* **EXERCISE GOAL**: When you reach the line that contains "e = convex hull" in the data below, start reproducing lines exactly, and stop after the line that contains "w f \<longleftrightarrow>".

* **MATERIAL TO PROCESS**:
(* Assume $|V|\ge2$ and let $\overline\kappa_0=\inf_{x\ne y}\overline\kappa(x,y)$. If $\mu>0$ and there exists a nonzero $f\in\mathbb{R}^V$ with $\mathcal{L}^0f=\mu f$, then $\overline\kappa_0\le\mu$.
   Context: Let $H=(V,E,w)$ be a weighted hypergraph: $V$ is a finite set, $E$ a set of nonempty subsets of $V$, $w\colon E\to\mathbb{R}_{>0}$. Write $x\sim y$ if some $e\in E$ contains both; $H$ is assumed connected. The degree is $d_x=\sum_{e\ni x}w_e>0$, $D=\mathrm{diag}(d_x)$. The distance $d(x,y)$ is the minimal $n$ with a chain $x=z_0\sim\cdots\sim z_n=y$. $\delta_x$ is the indicator of $x$. $\mathbb{R}^V$ carries the inner product $\langle f,g\rangle=\sum_x f(x)g(x)/d_x$ with norm $\|\cdot\|$. For $e\in E$ let $B_e=\mathrm{Conv}\{\delta_x-\delta_y : x,y\in e\}$. The multivalued hypergraph Laplacian is $L(f)=\{\sum_{e}w_e\mathtt{b}_e(\mathtt{b}_e^\top f) : \mathtt{b}_e\in\operatorname{argmax}_{\mathtt b\in B_e}\mathtt b^\top f\}$ and the normalized Laplacian is $\mathcal{L}f=L(D^{-1}f)$, a maximal monotone operator on $(\mathbb{R}^V,\langle\cdot,\cdot\rangle)$. For $f\in\mathbb{R}^V$, $\mathcal{L}f$ is a nonempty closed convex set and $\mathcal{L}^0f$ denotes its unique element of minimal norm $\|\cdot\|$. For $\lambda>0$ the resolvent $J_\lambda=(I+\lambda\mathcal L)^{-1}$ is a single-valued map $\mathbb{R}^V\to\mathbb{R}^V$ (equivalently $J_\lambda f=\operatorname{argmin}_g\{\frac{1}{2\lambda}\|f-g\|^2+Q(D^{-1}g)\}$, $Q(g)=\frac12\sum_e w_e\max_{x,y\in e}(g(x)-g(y))^2$). A function $f$ is weighted $1$-Lipschitz if $|f(x)/d_x-f(y)/d_y|\le d(x,y)$ for all $x,y$; $\mathrm{Lip}^1_w(V)$ denotes the set of such functions. $\mathrm{KD}_\lambda(x,y)=\sup\{\langle J_\lambda f,\delta_x-\delta_y\rangle : f\in\mathrm{Lip}^1_w(V)\}$. For $x\ne y$: $\kappa_\lambda(x,y)=1-\mathrm{KD}_\lambda(x,y)/d(x,y)$ and $\overline\kappa(x,y)=\limsup_{\lambda\downarrow0}\kappa_\lambda(x,y)/\lambda$. *)

theory Defs
  imports "HOL-Analysis.Analysis" "HOL-Library.Liminf_Limsup"
begin

text \<open>Weighted hypergraph on the finite vertex type 'a (V = UNIV), hyperedges E,
  weights w. Functions on V are vectors in real^'a.\<close>

definition hadj :: "'a set set \<Rightarrow> 'a \<Rightarrow> 'a \<Rightarrow> bool" where
  "hadj E x y \<longleftrightarrow> (\<exists>e\<in>E. x \<in> e \<and> y \<in> e)"

definition hconnected :: "'a set set \<Rightarrow> bool" where
  "hconnected E \<longleftrightarrow> (\<forall>x y. \<exists>n. (hadj E ^^ n) x y)"

definition hdist :: "'a set set \<Rightarrow> 'a \<Rightarrow> 'a \<Rightarrow> nat" where
  "hdist E x y = (LEAST n. (hadj E ^^ n) x y)"

definition hdeg :: "'a set set \<Rightarrow> ('a set \<Rightarrow> real) \<Rightarrow> 'a \<Rightarrow> real" where
  "hdeg E w x = (\<Sum>e\<in>{e\<in>E. x \<in> e}. w e)"

definition delta :: "'a::finite \<Rightarrow> real^'a" where
  "delta x = (\<chi> y. if y = x then 1 else 0)"

definition winner :: "'a set set \<Rightarrow> ('a set \<Rightarrow> real) \<Rightarrow> real^'a::finite \<Rightarrow> real^'a \<Rightarrow> real" where
  "winner E w f g = (\<Sum>x\<in>UNIV. f $ x * g $ x / hdeg E w x)"

definition wnorm :: "'a set set \<Rightarrow> ('a set \<Rightarrow> real) \<Rightarrow> real^'a::finite \<Rightarrow> real" where
  "wnorm E w f = sqrt (winner E w f f)"

definition Bset :: "'a::finite set \<Rightarrow> (real^'a) set" where
  "Bset e = convex hull {delta x - delta y | x y. x \<in> e \<and> y \<in> e}"

definition argmaxB :: "'a::finite set \<Rightarrow> real^'a \<Rightarrow> (real^'a) set" where
  "argmaxB e f = {b \<in> Bset e. \<forall>b'\<in>Bset e. b' \<bullet> f \<le> b \<bullet> f}"

definition hLap :: "'a::finite set set \<Rightarrow> ('a set \<Rightarrow> real) \<Rightarrow> real^'a \<Rightarrow> (real^'a) set" where
  "hLap E w f = {(\<Sum>e\<in>E. w e *\<^sub>R ((b e \<bullet> f) *\<^sub>R b e)) | b. \<forall>e\<in>E. b e \<in> argmaxB e f}"

definition Dinv :: "'a set set \<Rightarrow> ('a set \<Rightarrow> real) \<Rightarrow> real^'a::finite \<Rightarrow> real^'a" where
  "Dinv E w f = (\<chi> x. f $ x / hdeg E w x)"

definition nLap :: "'a::finite set set \<Rightarrow> ('a set \<Rightarrow> real) \<Rightarrow> real^'a \<Rightarrow> (real^'a) set" where
  "nLap E w f = hLap E w (Dinv E w f)"

definition nLap0 :: "'a::finite set set \<Rightarrow> ('a set \<Rightarrow> real) \<Rightarrow> real^'a \<Rightarrow> real^'a" where
  "nLap0 E w f = (THE g. g \<in> nLap E w f \<and> (\<forall>h\<in>nLap E w f. wnorm E w g \<le> wnorm E w h))"

definition resolvent :: "'a::finite set set \<Rightarrow> ('a set \<Rightarrow> real) \<Rightarrow> real \<Rightarrow> real^'a \<Rightarrow> real^'a" where
  "resolvent E w lam f = (THE g. \<exists>h\<in>nLap E w g. f = g + lam *\<^sub>R h)"

definition wLip1 :: "'a set set \<Rightarrow> ('a set \<Rightarrow> real) \<Rightarrow> real^'a::finite \<Rightarrow> bool" where
  "wLip1 E w f \<longleftrightarrow> (\<forall>x y. \<bar>f $ x / hdeg E w x - f $ y / hdeg E w y\<bar> \<le> real (hdist E x y))"

definition KD :: "'a::finite set set \<Rightarrow> ('a set \<Rightarrow> real) \<Rightarrow> real \<Rightarrow> 'a \<Rightarrow> 'a \<Rightarrow> real" where
  "KD E w lam x y = Sup {winner E w (resolvent E w lam f) (delta x - delta y) | f. wLip1 E w f}"

definition kappa :: "'a::finite set set \<Rightarrow> ('a set \<Rightarrow> real) \<Rightarrow> real \<Rightarrow> 'a \<Rightarrow> 'a \<Rightarrow> real" where
  "kappa E w lam x y = 1 - KD E w lam x y / real (hdist E x y)"

definition kappa_bar :: "'a::finite set set \<Rightarrow> ('a set \<Rightarrow> real) \<Rightarrow> 'a \<Rightarrow> 'a \<Rightarrow> ereal" where
  "kappa_bar E w x y = Limsup (at_right 0) (\<lambda>lam. ereal (kappa E w lam x y / lam))"

definition kappa_bar0 :: "'a::finite set set \<Rightarrow> ('a set \<Rightarrow> real) \<Rightarrow> ereal" where
  "kappa_bar0 E w = (INF p\<in>{(x, y). x \<noteq> y}. kappa_bar E w (fst p) (snd p))"

end

theory Submission
  imports Defs
begin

* **RESPONSE AREA**:
  "Bset e = convex hull {delta x - delta y | x y. x \<in> e \<and> y \<in> e}"

definition argmaxB :: "'a::finite set \<Rightarrow> real^'a \<Rightarrow> (real^'a) set" where
  "argmaxB e f = {b \<in> Bset e. \<forall>b'\<in>Bset e. b' \<bullet> f \<le> b \<bullet> f}"

definition hLap :: "'a::finite set set \<Rightarrow> ('a set \<Rightarrow> real) \<Rightarrow> real^'a \<Rightarrow> (real^'a) set" where
  "hLap E w f = {(\<Sum>e\<in>E. w e *\<^sub>R ((b e \<bullet> f) *\<^sub>R b e)) | b. \<forall>e\<in>E. b e \<in> argmaxB e f}"

definition Dinv :: "'a set set \<Rightarrow> ('a set \<Rightarrow> real) \<Rightarrow> real^'a::finite \<Rightarrow> real^'a" where
  "Dinv E w f = (\<chi> x. f $ x / hdeg E w x)"

definition nLap :: "'a::finite set set \<Rightarrow> ('a set \<Rightarrow> real) \<Rightarrow> real^'a \<Rightarrow> (real^'a) set" where
  "nLap E w f = hLap E w (Dinv E w f)"

definition nLap0 :: "'a::finite set set \<Rightarrow> ('a set \<Rightarrow> real) \<Rightarrow> real^'a \<Rightarrow> real^'a" where
  "nLap0 E w f = (THE g. g \<in> nLap E w f \<and> (\<forall>h\<in>nLap E w f. wnorm E w g \<le> wnorm E w h))"

definition resolvent :: "'a::finite set set \<Rightarrow> ('a set \<Rightarrow> real) \<Rightarrow> real \<Rightarrow> real^'a \<Rightarrow> real^'a" where
  "resolvent E w lam f = (THE g. \<exists>h\<in>nLap E w g. f = g + lam *\<^sub>R h)"

definition wLip1 :: "'a set set \<Rightarrow> ('a set \<Rightarrow> real) \<Rightarrow> real^'a::finite \<Rightarrow> bool" where
  "wLip1 E w f \<longleftrightarrow> (\<forall>x y. \<bar>f $ x / hdeg E w x - f $ y / hdeg E w y\<bar> \<le> real (hdist E x y))"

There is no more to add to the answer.